(* Let $n\ge2$ and let $\{X_i\}_{i\in I}$ be an exhausting family of finite fully characteristic based covers of $R_n$, corresponding to subgroups $K_i=\pi_1(X_i)\le F_n$. Let $\phi\in\mathrm{End}(F_n)$ with $\phi\ne\mathrm{id}_{F_n}$. Then for some $i\in I$ the endomorphism of $H_1(X_i,\mathbb{Z})$ induced by $\phi$ is not the identity.
   Context: $F_n$ is the free group of rank $n\ge2$, identified with $\pi_1(R_n,* )$ where $R_n$ is the wedge of $n$ circles. A subgroup $K\le F_n$ is fully characteristic if $\phi(K)\subseteq K$ for all $\phi\in\mathrm{End}(F_n)$. A finite fully characteristic based cover is the connected covering $(X,x_1)\to(R_n,* )$ corresponding to a finite-index fully characteristic subgroup $K$. The family is exhausting if every $1\ne w\in F_n$ has nontrivial image in some quotient $F_n/K_i$ (i.e. $\bigcap_i K_i=\{1\}$). The endomorphism of $H_1(X_i,\mathbb{Z})\cong K_i^{ab}$ induced by $\phi$ is the abelianization of $\phi|_{K_i}$. *)

theory Defs
  imports "HOL-Algebra.Algebra"
begin

text \<open>Free group F_n of rank n, modelled by freely reduced words.
  A letter (i, True) is the generator x_i, (i, False) is its inverse.\<close>

type_synonym gen = "nat \<times> bool"

definition cancels :: "gen \<Rightarrow> gen \<Rightarrow> bool" where
  "cancels x y \<longleftrightarrow> fst x = fst y \<and> snd x \<noteq> snd y"

fun red :: "gen list \<Rightarrow> gen list" where
  "red [] = []"
| "red (x # xs) = (case red xs of [] \<Rightarrow> [x]
                     | y # ys \<Rightarrow> (if cancels x y then ys else x # y # ys))"

definition reduced :: "gen list \<Rightarrow> bool" where
  "reduced w \<longleftrightarrow> (\<forall>i. Suc i < length w \<longrightarrow> \<not> cancels (w ! i) (w ! Suc i))"

definition free_group :: "nat \<Rightarrow> gen list monoid" where
  "free_group n = \<lparr>carrier = {w. reduced w \<and> (\<forall>x\<in>set w. fst x < n)},
                   monoid.mult = (\<lambda>a b. red (a @ b)), one = []\<rparr>"

definition fully_characteristic :: "('a, 'b) monoid_scheme \<Rightarrow> 'a set \<Rightarrow> bool" where
  "fully_characteristic G K \<longleftrightarrow> subgroup K G \<and> (\<forall>\<phi> \<in> hom G G. \<phi> ` K \<subseteq> K)"

definition finite_index :: "('a, 'b) monoid_scheme \<Rightarrow> 'a set \<Rightarrow> bool" where
  "finite_index G K \<longleftrightarrow> finite (rcosets\<^bsub>G\<^esub> K)"

definition abelianization :: "('a, 'b) monoid_scheme \<Rightarrow> 'a set monoid" where
  "abelianization G = G Mod (derived G (carrier G))"

text \<open>Endomorphism of K^ab (= H_1 of the cover) induced by phi restricted to K:
  a coset C of [K,K] in K is sent to the coset of phi(k) for any k in C.\<close>
definition induced_ab_endo ::
  "('a, 'b) monoid_scheme \<Rightarrow> 'a set \<Rightarrow> ('a \<Rightarrow> 'a) \<Rightarrow> 'a set \<Rightarrow> 'a set" where
  "induced_ab_endo G K \<phi> =
     (let H = G\<lparr>carrier := K\<rparr>; D = derived H (carrier H)
      in (\<lambda>C \<in> carrier (abelianization H). D #>\<^bsub>H\<^esub> \<phi> (SOME k. k \<in> C)))"

end

theory Submission
  imports Defs
begin

text \<open>Suppose phi acts trivially on K^ab for a finite-index normal subgroup K. For g in F_n and
  k in K, phi(g k g^-1) = phi(g) phi(k) phi(g)^-1, so conjugation by g and by phi(g) induce the
  same automorphism of K^ab, i.e. the coset K h with h = phi(g)^-1 g acts trivially on K^ab.
  Counting (with signs) how often a loop of the finite cover X_K runs through a given edge gives
  homomorphisms K -> Z that factor through K^ab and on which K h acts by moving the edge from
  the vertex K to the vertex K h. For n >= 2, powers of x_0 and x_1 yield a loop that crosses an
  edge at K but not the corresponding edge at K h unless K h = K. Hence phi(g) and g agree
  modulo every K_i, and an exhausting family forces phi(g) = g.\<close>

section \<open>Free reduction\<close>

definition cons_red :: "gen \<Rightarrow> gen list \<Rightarrow> gen list" where
  "cons_red x w = (case w of [] \<Rightarrow> [x] | y # ys \<Rightarrow> (if cancels x y then ys else x # y # ys))"

lemma red_Cons: "red (x # xs) = cons_red x (red xs)"
  by (simp add: cons_red_def)

declare red.simps(2)[simp del]

lemma cancels_cancels_eq: "cancels x y \<Longrightarrow> cancels y z \<Longrightarrow> x = z"
  by (cases x; cases y; cases z) (auto simp: cancels_def)

lemma reduced_Nil [simp]: "reduced []"
  by (simp add: reduced_def)

lemma reduced_Cons: "reduced (x # w) \<longleftrightarrow> reduced w \<and> (w = [] \<or> \<not> cancels x (hd w))"
  unfolding reduced_def
proof (intro iffI conjI allI impI)
  assume r: "\<forall>i. Suc i < length (x # w) \<longrightarrow> \<not> cancels ((x # w) ! i) ((x # w) ! Suc i)"
  show "\<not> cancels (w ! i) (w ! Suc i)" if "Suc i < length w" for i
    using r[rule_format, of "Suc i"] that by simp
  show "w = [] \<or> \<not> cancels x (hd w)"
    using r[rule_format, of 0] by (cases w) auto
next
  fix i
  assume r: "(\<forall>i. Suc i < length w \<longrightarrow> \<not> cancels (w ! i) (w ! Suc i)) \<and> (w = [] \<or> \<not> cancels x (hd w))"
    and "Suc i < length (x # w)"
  then show "\<not> cancels ((x # w) ! i) ((x # w) ! Suc i)"
    by (cases i; cases w) auto
qed

lemma reduced_cons_red: "reduced w \<Longrightarrow> reduced (cons_red x w)"
  by (cases w) (auto simp: cons_red_def reduced_Cons)

lemma reduced_red: "reduced (red w)"
  by (induction w) (auto simp: red_Cons reduced_cons_red)

lemma red_reduced: "reduced w \<Longrightarrow> red w = w"
  by (induction w) (auto simp: red_Cons cons_red_def reduced_Cons split: list.split)

lemma cons_red_cons_red_cancel: "cancels x y \<Longrightarrow> reduced w \<Longrightarrow> cons_red x (cons_red y w) = w"
  by (cases w rule: remdups_adj.cases)
    (auto simp: cons_red_def reduced_Cons dest: cancels_cancels_eq)

lemma red_append: "red (xs @ ys) = foldr cons_red xs (red ys)"
  by (induction xs) (auto simp: red_Cons)

lemma reduced_foldr_cons_red: "reduced r \<Longrightarrow> reduced (foldr cons_red u r)"
  by (induction u) (auto simp: reduced_cons_red)

lemma foldr_cons_red_cons_red:
  assumes "reduced r"
  shows "foldr cons_red (cons_red x u) r = cons_red x (foldr cons_red u r)"
proof (cases u)
  case (Cons y u')
  then show ?thesis
    using cons_red_cons_red_cancel[of x y, OF _ reduced_foldr_cons_red[OF assms]]
    by (auto simp: cons_red_def)
qed (simp add: cons_red_def)

lemma foldr_cons_red_red: "reduced r \<Longrightarrow> foldr cons_red (red xs) r = foldr cons_red xs r"
  by (induction xs) (auto simp: red_Cons foldr_cons_red_cons_red)

lemma red_red_append [simp]: "red (red a @ b) = red (a @ b)"
  by (simp add: red_append foldr_cons_red_red reduced_red)

lemma red_red [simp]: "red (red a) = red a"
  by (simp add: red_reduced reduced_red)

lemma red_append_red [simp]: "red (a @ red b) = red (a @ b)"
  by (simp add: red_append)

lemma red_cancel: "cancels x y \<Longrightarrow> red (s @ x # y # t) = red (s @ t)"
  by (simp add: red_append red_Cons cons_red_cons_red_cancel reduced_red)

lemma set_red: "set (red w) \<subseteq> set w"
  by (induction w) (auto simp: red_Cons cons_red_def split: list.split)

section \<open>The free group\<close>

definition word_inv :: "gen list \<Rightarrow> gen list" where
  "word_inv w = rev (map (\<lambda>(i, b). (i, \<not> b)) w)"

lemma word_inv_Cons: "word_inv (x # w) = word_inv w @ [(fst x, \<not> snd x)]"
  by (cases x) (simp add: word_inv_def)

lemma word_inv_word_inv [simp]: "word_inv (word_inv w) = w"
  by (simp add: word_inv_def rev_map comp_def case_prod_beta)

lemma word_inv_letters: "\<forall>x\<in>set w. fst x < n \<Longrightarrow> \<forall>x\<in>set (word_inv w). fst x < n"
  by (auto simp: word_inv_def)

lemma red_word_inv_append: "red (word_inv w @ w) = []"
proof (induction w)
  case (Cons x w)
  have "red (word_inv (x # w) @ x # w) = red (word_inv w @ (fst x, \<not> snd x) # x # w)"
    by (simp add: word_inv_Cons)
  also have "\<dots> = red (word_inv w @ w)"
    by (rule red_cancel) (simp add: cancels_def)
  finally show ?case using Cons by simp
qed (simp add: word_inv_def)

lemma red_append_word_inv: "red (w @ word_inv w) = []"
  using red_word_inv_append[of "word_inv w"] by simp

lemma carrier_free_group: "w \<in> carrier (free_group n) \<longleftrightarrow> reduced w \<and> (\<forall>x\<in>set w. fst x < n)"
  by (simp add: free_group_def)

lemma mult_free_group: "a \<otimes>\<^bsub>free_group n\<^esub> b = red (a @ b)"
  by (simp add: free_group_def)

lemma one_free_group: "\<one>\<^bsub>free_group n\<^esub> = []"
  by (simp add: free_group_def)

lemma red_in_carrier_free_group: "\<forall>x\<in>set w. fst x < n \<Longrightarrow> red w \<in> carrier (free_group n)"
  using set_red[of w] by (auto simp: carrier_free_group reduced_red)

lemma group_free_group: "group (free_group n)"
proof (rule groupI)
  fix x y assume "x \<in> carrier (free_group n)" "y \<in> carrier (free_group n)"
  then show "x \<otimes>\<^bsub>free_group n\<^esub> y \<in> carrier (free_group n)"
    unfolding mult_free_group by (intro red_in_carrier_free_group) (auto simp: carrier_free_group)
next
  fix x assume x: "x \<in> carrier (free_group n)"
  then have "red (word_inv x) \<in> carrier (free_group n)"
    by (intro red_in_carrier_free_group word_inv_letters) (simp add: carrier_free_group)
  then show "\<exists>y\<in>carrier (free_group n). y \<otimes>\<^bsub>free_group n\<^esub> x = \<one>\<^bsub>free_group n\<^esub>"
    by (intro bexI) (simp_all add: mult_free_group one_free_group red_word_inv_append)
qed (auto simp: mult_free_group one_free_group carrier_free_group red_reduced)

lemma inv_free_group:
  assumes "x \<in> carrier (free_group n)"
  shows "inv\<^bsub>free_group n\<^esub> x = red (word_inv x)"
proof (rule group.inv_equality[OF group_free_group])
  show "red (word_inv x) \<in> carrier (free_group n)"
    using assms by (intro red_in_carrier_free_group word_inv_letters) (simp add: carrier_free_group)
qed (use assms in \<open>simp_all add: mult_free_group one_free_group red_word_inv_append\<close>)

lemma (in group) inv_mult_cancel_left [simp]:
  "g \<in> carrier G \<Longrightarrow> x \<in> carrier G \<Longrightarrow> inv g \<otimes> (g \<otimes> x) = x"
  by (simp add: m_assoc[symmetric])

lemma (in group) subgroup_mult_left_iff:
  assumes H: "subgroup H G" and h: "h \<in> H" and x: "x \<in> carrier G"
  shows "h \<otimes> x \<in> H \<longleftrightarrow> x \<in> H"
proof
  assume "h \<otimes> x \<in> H"
  then have "inv h \<otimes> (h \<otimes> x) \<in> H"
    using subgroup.m_closed[OF H subgroup.m_inv_closed[OF H h]] by blast
  then show "x \<in> H"
    using subgroup.mem_carrier[OF H h] x by simp
qed (use H h in \<open>rule subgroup.m_closed\<close>)

lemma (in normal) conj_mem_iff:
  assumes g: "g \<in> carrier G" and x: "x \<in> carrier G"
  shows "g \<otimes> x \<otimes> inv g \<in> H \<longleftrightarrow> x \<in> H"
proof
  assume "g \<otimes> x \<otimes> inv g \<in> H"
  then have "inv g \<otimes> (g \<otimes> x \<otimes> inv g) \<otimes> inv (inv g) \<in> H"
    using inv_op_closed2[of "inv g"] g by blast
  then show "x \<in> H"
    using g x by (simp add: m_assoc)
qed (use g inv_op_closed2 in blast)

lemma (in group) conjugation_hom: "x \<in> carrier G \<Longrightarrow> (\<lambda>y. x \<otimes> y \<otimes> inv x) \<in> hom G G"
  by (rule homI) (simp_all add: m_assoc inv_solve_left)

▶ [YOUR ASSIGNMENT]: The answer must be the line containing "lemma (in normal)" and every line after it through the last line of the records above, repeated exactly.

▶ [RESPONSE TO THIS TASK]:
lemma (in normal) conj_mem_iff:
  assumes g: "g \<in> carrier G" and x: "x \<in> carrier G"
  shows "g \<otimes> x \<otimes> inv g \<in> H \<longleftrightarrow> x \<in> H"
proof
  assume "g \<otimes> x \<otimes> inv g \<in> H"
  then have "inv g \<otimes> (g \<otimes> x \<otimes> inv g) \<otimes> inv (inv g) \<in> H"
    using inv_op_closed2[of "inv g"] g by blast
  then show "x \<in> H"
    using g x by (simp add: m_assoc)
qed (use g inv_op_closed2 in blast)

lemma (in group) conjugation_hom: "x \<in> carrier G \<Longrightarrow> (\<lambda>y. x \<otimes> y \<otimes> inv x) \<in> hom G G"
  by (rule homI) (simp_all add: m_assoc inv_solve_left)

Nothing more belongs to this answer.